<<<<

lemma warped_RF_ordered:
  assumes flow: "warped_RF T \<phi> a b c" and init: "\<And>z. a z 0 \<le> b z 0 \<and> b z 0 \<le> c z 0"
    and t: "t \<in> {0..<T}"
  shows "a z t \<le> b z t \<and> b z t \<le> c z t"
  using warped_RF_order_preserved[OF flow _ t] warped_RF_order_preserved[OF warped_RF_cycle[OF flow] _ t]
    init by blast

text \<open>At a spatial maximum \<open>c\<^sub>s = 0\<close> and \<open>c\<^sub>s\<^sub>s \<le> 0\<close>, so only the reaction term is left.\<close>

lemma warped_RF_largest_speed_at_max:
  assumes flow: "warped_RF T \<phi> a b c" and t: "t \<in> {0..<T}"
    and largest: "a z t \<le> c z t" "b z t \<le> c z t" and max: "\<And>y. c y t \<le> c z t"
  shows "c z t * warped_speed (c z t) (ps \<phi> c z t) (pss \<phi> c z t) (a z t) (ps \<phi> a z t) (b z t) (ps \<phi> b z t) \<le> -2"
proof -
  note flow_c = warped_RF_cycle[OF warped_RF_cycle[OF flow]]
  note pos = warped_RF_pos[OF flow t]
  have crit: "ps \<phi> c z t = 0" "\<phi> z t * pss \<phi> c z t \<le> 0"
    using weighted_second_derivative_test[where g = "\<lambda>y. c y t" and h = "\<lambda>y. \<phi> y t",
        OF warped_RF_arclength_derivs(1)[OF flow_c t] _ warped_RF_arclength_derivs(2)[OF flow_c t]]
      pos max by auto
  then have "pss \<phi> c z t \<le> 0" using pos[of z] by (simp add: mult_le_0_iff)
  moreover have "(a z t)\<^sup>2 * (b z t)\<^sup>2 \<le> ((c z t)\<^sup>2)\<^sup>2 - ((a z t)\<^sup>2 - (b z t)\<^sup>2)\<^sup>2"
    using largest pos[of z] by (intro square_product_le power_mono) auto
  then have "2 / c z t \<le> 2 * (c z t ^ 4 - ((a z t)\<^sup>2 - (b z t)\<^sup>2)\<^sup>2) / (c z t * (a z t)\<^sup>2 * (b z t)\<^sup>2)"
    using pos[of z] by (simp add: field_simps power4_eq_xxxx power2_eq_square)
  ultimately have "warped_speed (c z t) (ps \<phi> c z t) (pss \<phi> c z t) (a z t) (ps \<phi> a z t) (b z t) (ps \<phi> b z t)
      \<le> - 2 / c z t"
    unfolding warped_speed_def crit(1) by simp
  then show ?thesis using pos[of z] by (simp add: field_simps)
qed

lemma warped_RF_largest_sq_bound:
  assumes flow: "warped_RF T \<phi> a b c"
    and largest: "\<And>z t. t \<in> {0..<T} \<Longrightarrow> a z t \<le> c z t \<and> b z t \<le> c z t"
    and init: "\<And>z. (c z 0)\<^sup>2 \<le> C" and t: "t \<in> {0..<T}"
  shows "(c z t)\<^sup>2 + 4 * t \<le> C"
proof -
  note flow_c = warped_RF_cycle[OF warped_RF_cycle[OF flow]]
  define S where "S z t = warped_speed (c z t) (ps \<phi> c z t) (pss \<phi> c z t) (a z t) (ps \<phi> a z t) (b z t) (ps \<phi> b z t)" for z t
  show ?thesis
  proof (rule max_principle[where u = "\<lambda>z t. (c z t)\<^sup>2 + 4 * t" and ut = "\<lambda>z t. 2 * c z t * S z t + 4"
        and K = 0])
    show "continuous_on (UNIV \<times> {0..<T}) (\<lambda>p. (c (fst p) (snd p))\<^sup>2 + 4 * snd p)"
      by (intro continuous_intros warped_RF_continuous[OF flow_c])
    show "((\<lambda>\<tau>. (c z \<tau>)\<^sup>2 + 4 * \<tau>) has_real_derivative 2 * c z t * S z t + 4) (at t within {0..<T})"
      if "t \<in> {0..<T}" for z t
      unfolding S_def by (rule derivative_eq_intros warped_RF_time_deriv[OF flow_c that] refl | simp)+
    show "2 * c z t * S z t + 4 \<le> 0 * ((c z t)\<^sup>2 + 4 * t - C)"
      if tt: "t \<in> {0<..<T}" and max: "\<forall>y. (c y t)\<^sup>2 + 4 * t \<le> (c z t)\<^sup>2 + 4 * t" for z t
    proof -
      have tT: "t \<in> {0..<T}" using tt by auto
      have "c y t \<le> c z t" for y
      proof (rule power2_le_imp_le)
        show "(c y t)\<^sup>2 \<le> (c z t)\<^sup>2" using max by simp
      qed (use warped_RF_pos[OF flow tT, of z] in simp)
      then have "c z t * S z t \<le> -2"
        unfolding S_def using largest[OF tT, of z] by (intro warped_RF_largest_speed_at_max[OF flow tT]) auto
      then show ?thesis by simp
    qed
  qed (use init warped_RF_periodic[OF flow_c] t in auto)
qed
text \<open>Every point z of D(p,q) satisfies |zp|^2 + |zq|^2 \<le> |pq|^2. Points of two cells
  whose indices differ by k \<ge> 2 in one coordinate are more than (k - 1)/sqrt 2 apart in that
  coordinate. Hence |pq| \<le> 1 (resp. 1/sqrt 2) bounds the index differences between the cells
  meeting the disk and the cells of p and q, and the three claims reduce to finite statements
  about integer index pairs.\<close>

lemma parallelogram_law:
  fixes u v :: "'a::real_inner"
  shows "(norm (u - v))\<^sup>2 + (norm (u + v))\<^sup>2 = 2 * (norm u)\<^sup>2 + 2 * (norm v)\<^sup>2"
  by (simp add: power2_norm_eq_inner inner_diff inner_add inner_commute)

lemma Thales_dist_square_sum_le:
  fixes p q z :: "'a::real_inner"
  assumes "z \<in> cball ((1/2) *\<^sub>R (p + q)) (dist p q / 2)"
  shows "(dist z p)\<^sup>2 + (dist z q)\<^sup>2 \<le> (dist p q)\<^sup>2"
proof -
  define u where "u = z - (1/2) *\<^sub>R (p + q)"
  define v where "v = (1/2) *\<^sub>R (p - q)"
  have u: "norm u \<le> dist p q / 2"
    using assms by (simp add: u_def dist_norm norm_minus_commute)
  have v: "norm v = dist p q / 2"
    by (simp add: v_def dist_norm)
  have "z - p = u - v" "z - q = u + v"
    by (simp_all add: u_def v_def algebra_simps flip: scaleR_add_left)
  then have "(dist z p)\<^sup>2 + (dist z q)\<^sup>2 = 2 * (norm u)\<^sup>2 + 2 * (norm v)\<^sup>2"
    using parallelogram_law[of u v] by (simp add: dist_norm)
  also have "\<dots> \<le> 2 * (dist p q / 2)\<^sup>2 + 2 * (dist p q / 2)\<^sup>2"
    unfolding v using power_mono[OF u norm_ge_zero, of 2] by linarith
  also have "\<dots> = (dist p q)\<^sup>2"
    by (simp add: power_divide)
  finally show ?thesis .
qed

lemma dist_le_diameter_cball:
  fixes x y :: "'a::metric_space"
  assumes "x \<in> cball c r" "y \<in> cball c r"
  shows "dist x y \<le> 2 * r"
  using assms dist_triangle2[of x y c] by (simp add: dist_commute)

lemma power2_dist_prod: "(dist z w)\<^sup>2 = (fst z - fst w)\<^sup>2 + (snd z - snd w)\<^sup>2"
  by (cases z, cases w) (simp add: dist_Pair_Pair dist_real_def)

definition strips_between :: "int \<Rightarrow> int \<Rightarrow> int" where
  "strips_between a b = max 0 (\<bar>a - b\<bar> - 1)"

text \<open>Twice the squared distance between the closures of the cells c and d.\<close>
definition cell_gap :: "int \<times> int \<Rightarrow> int \<times> int \<Rightarrow> int" where
  "cell_gap c d = (strips_between (fst c) (fst d))\<^sup>2 + (strips_between (snd c) (snd d))\<^sup>2"

lemma strip_separation:
  fixes s x y :: real and a b :: int
  assumes "s + a / sqrt 2 < x" "x < s + (a + 1) / sqrt 2"
    and "s + b / sqrt 2 < y" "y < s + (b + 1) / sqrt 2"
  shows "strips_between a b = 0 \<or> real_of_int ((strips_between a b)\<^sup>2) < 2 * (x - y)\<^sup>2"
proof (cases "\<bar>a - b\<bar> \<le> 1")
  case True
  then show ?thesis by (simp add: strips_between_def)
next
  case False
  have "real_of_int a / sqrt 2 - (b + 1) / sqrt 2 < x - y"
    and "real_of_int b / sqrt 2 - (a + 1) / sqrt 2 < y - x"
    using assms by linarith+
  then have "(\<bar>a - b\<bar> - 1) / sqrt 2 < \<bar>x - y\<bar>"
    by (auto simp: abs_if diff_divide_distrib[symmetric] algebra_simps split: if_splits)
  then have "((\<bar>a - b\<bar> - 1) / sqrt 2)\<^sup>2 < \<bar>x - y\<bar>\<^sup>2"
    using False by (intro power_strict_mono) auto
  then show ?thesis
    using False by (simp add: strips_between_def power_divide)
qed

lemma cell_gap_nonneg: "0 \<le> cell_gap c d"
  by (simp add: cell_gap_def)

lemma cell_gap_lt_dist:
  assumes "w \<in> cell o' c" "w' \<in> cell o' c'"
  shows "cell_gap c c' = 0 \<or> real_of_int (cell_gap c c') < 2 * (dist w w')\<^sup>2"
proof -
  let ?m1 = "strips_between (fst c) (fst c')" and ?m2 = "strips_between (snd c) (snd c')"
  have m1: "?m1 = 0 \<or> real_of_int (?m1\<^sup>2) < 2 * (fst w - fst w')\<^sup>2"
    and m2: "?m2 = 0 \<or> real_of_int (?m2\<^sup>2) < 2 * (snd w - snd w')\<^sup>2"
    using assms strip_separation[of "fst o'" "fst c" "fst w" "fst c'" "fst w'"]
      strip_separation[of "snd o'" "snd c" "snd w" "snd c'" "snd w'"]
    by (simp_all add: cell_def)
  show ?thesis
  proof (cases "?m1 = 0 \<and> ?m2 = 0")
    case True
    then show ?thesis by (simp add: cell_gap_def)
  next
    case False
    have "real_of_int (?m1\<^sup>2) + real_of_int (?m2\<^sup>2)
        < 2 * (fst w - fst w')\<^sup>2 + 2 * (snd w - snd w')\<^sup>2"
      using m1 m2 False by (auto intro: add_less_le_mono add_le_less_mono add_strict_mono)
    then show ?thesis
      by (simp add: cell_gap_def power2_dist_prod)
  qed
qed

lemma diam_disk_cell_gap_lt:
  assumes "p \<in> cell o' cp" "q \<in> cell o' cq" "z \<in> cell o' c" "z \<in> diam_disk p q"
  shows "cell_gap c cp + cell_gap c cq = 0
    \<or> real_of_int (cell_gap c cp + cell_gap c cq) < 2 * (dist p q)\<^sup>2"
proof (cases "cell_gap c cp = 0 \<and> cell_gap c cq = 0")
  case False
  have "(dist z p)\<^sup>2 + (dist z q)\<^sup>2 \<le> (dist p q)\<^sup>2"
    using assms(4) unfolding diam_disk_def by (rule Thales_dist_square_sum_le)
  moreover have "real_of_int (cell_gap c cp) \<le> 2 * (dist z p)\<^sup>2"
    and "real_of_int (cell_gap c cq) \<le> 2 * (dist z q)\<^sup>2"
    and "real_of_int (cell_gap c cp) < 2 * (dist z p)\<^sup>2
      \<or> real_of_int (cell_gap c cq) < 2 * (dist z q)\<^sup>2"
    using False cell_gap_lt_dist[OF assms(3,1)] cell_gap_lt_dist[OF assms(3,2)] by auto
  ultimately show ?thesis by auto
qed simp

lemma int_bounds_of_lt_twice_square:
  fixes n :: int and d :: real
  assumes "n = 0 \<or> real_of_int n < 2 * d\<^sup>2" "0 \<le> d"
  shows "d \<le> 1 \<Longrightarrow> n \<le> 1" and "d \<le> 1 / sqrt 2 \<Longrightarrow> n \<le> 0"
proof -
  assume "d \<le> 1"
  then have "d\<^sup>2 \<le> 1" using assms(2) by (simp add: power_le_one)
  then show "n \<le> 1" using assms(1) by auto
next
  assume "d \<le> 1 / sqrt 2"
  then have "d\<^sup>2 \<le> (1 / sqrt 2)\<^sup>2" using assms(2) by (simp add: power_mono)
  then have "2 * d\<^sup>2 \<le> 1" by (simp add: power_divide)
  then show "n \<le> 0" using assms(1) by auto
qed

lemma cell_gap_le_1:
  assumes "w \<in> cell o' c" "w' \<in> cell o' c'" "dist w w' \<le> 1"
  shows "cell_gap c c' \<le> 1"
  using int_bounds_of_lt_twice_square(1)[OF cell_gap_lt_dist[OF assms(1,2)]] assms(3) by simp

lemma cell_gap_eq_0:
  assumes "w \<in> cell o' c" "w' \<in> cell o' c'" "dist w w' \<le> 1 / sqrt 2"
  shows "cell_gap c c' = 0"
  using int_bounds_of_lt_twice_square(2)[OF cell_gap_lt_dist[OF assms(1,2)]] assms(3)
    cell_gap_nonneg[of c c'] by simp

lemma diam_disk_cell_gap_le_1:
  assumes "p \<in> cell o' cp" "q \<in> cell o' cq" "z \<in> cell o' c" "z \<in> diam_disk p q"
    and "dist p q \<le> 1"
  shows "cell_gap c cp + cell_gap c cq \<le> 1"
  using int_bounds_of_lt_twice_square(1)[OF diam_disk_cell_gap_lt[OF assms(1-4)]] assms(5)
  by simp

lemma diam_disk_cell_gap_eq_0:
  assumes "p \<in> cell o' cp" "q \<in> cell o' cq" "z \<in> cell o' c" "z \<in> diam_disk p q"
    and "dist p q \<le> 1 / sqrt 2"
  shows "cell_gap c cp = 0" "cell_gap c cq = 0"
  using int_bounds_of_lt_twice_square(2)[OF diam_disk_cell_gap_lt[OF assms(1-4)]] assms(5)
    cell_gap_nonneg[of c cp] cell_gap_nonneg[of c cq] by simp_all

lemma cell_gap_eq_0_iff:
  "cell_gap c d = 0 \<longleftrightarrow> \<bar>fst c - fst d\<bar> \<le> 1 \<and> \<bar>snd c - snd d\<bar> \<le> 1"
  by (auto simp: cell_gap_def strips_between_def)

lemma cell_gap_eq_0_iff_neighborhood: "cell_gap c d = 0 \<longleftrightarrow> c \<in> neighborhood d"
  by (auto simp: cell_gap_eq_0_iff neighborhood_def is_neighbor_def abs_minus_commute)

lemma cell_gap_le_1_iff:
  "cell_gap c d \<le> 1 \<longleftrightarrow> \<bar>fst c - fst d\<bar> \<le> 2 \<and> \<bar>snd c - snd d\<bar> \<le> 2
     \<and> (\<bar>fst c - fst d\<bar> \<le> 1 \<or> \<bar>snd c - snd d\<bar> \<le> 1)"
proof -
  have "m\<^sup>2 \<le> 1 \<longleftrightarrow> m \<le> 1" "m\<^sup>2 = 0 \<longleftrightarrow> m = 0" if "0 \<le> m" for m :: int
    using that power2_le_iff_abs_le[of 1 m] by auto
  then show ?thesis
    unfolding cell_gap_def strips_between_def
    by (smt (verit) zero_le_power2)
qed

lemma finite_neighborhood: "finite (neighborhood c)"
proof (rule finite_subset)
  show "neighborhood c \<subseteq> {fst c - 1..fst c + 1} \<times> {snd c - 1..snd c + 1}"
    by (auto simp: neighborhood_def is_neighbor_def mem_Times_iff abs_le_iff)
qed simp

text \<open>A diagonal neighbor of both cp and cq would make both coordinates of cp - cq even,
  hence zero.\<close>
lemma common_neighbor_is_plus_neighbor:
  assumes "cq \<in> neighborhood cp" "cp \<noteq> cq" "c \<in> neighborhood cp" "c \<in> neighborhood cq"
  shows "c \<in> {cp, cq} \<or> is_plus_neighbor cp c \<or> is_plus_neighbor cq c"
  using assms unfolding neighborhood_def is_neighbor_def is_plus_neighbor_def prod_eq_iff
    Un_iff mem_Collect_eq singleton_iff insert_iff empty_iff
  by (smt (z3))

lemma card_le_2_if_no_three_distinct:
  assumes "\<And>x y z. x \<in> S \<Longrightarrow> y \<in> S \<Longrightarrow> z \<in> S \<Longrightarrow> x = y \<or> x = z \<or> y = z"
  shows "card S \<le> 2"
proof (rule ccontr)
  assume "\<not> card S \<le> 2"
  then obtain T where "T \<subseteq> S" "card T = 3"
    using obtain_subset_with_card_n[of 3 S] by auto
  then obtain x y z where "{x, y, z} \<subseteq> S" "x \<noteq> y" "x \<noteq> z" "y \<noteq> z"
    by (auto simp: card_3_iff)
  then show False
    using assms[of x y z] by simp
qed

>>>>

● **Activity**
Across the data, pull every line containing the string "cells".

● **Exercise output**
text \<open>Every point z of D(p,q) satisfies |zp|^2 + |zq|^2 \<le> |pq|^2. Points of two cells
  coordinate. Hence |pq| \<le> 1 (resp. 1/sqrt 2) bounds the index differences between the cells
  meeting the disk and the cells of p and q, and the three claims reduce to finite statements
text \<open>Twice the squared distance between the closures of the cells c and d.\<close>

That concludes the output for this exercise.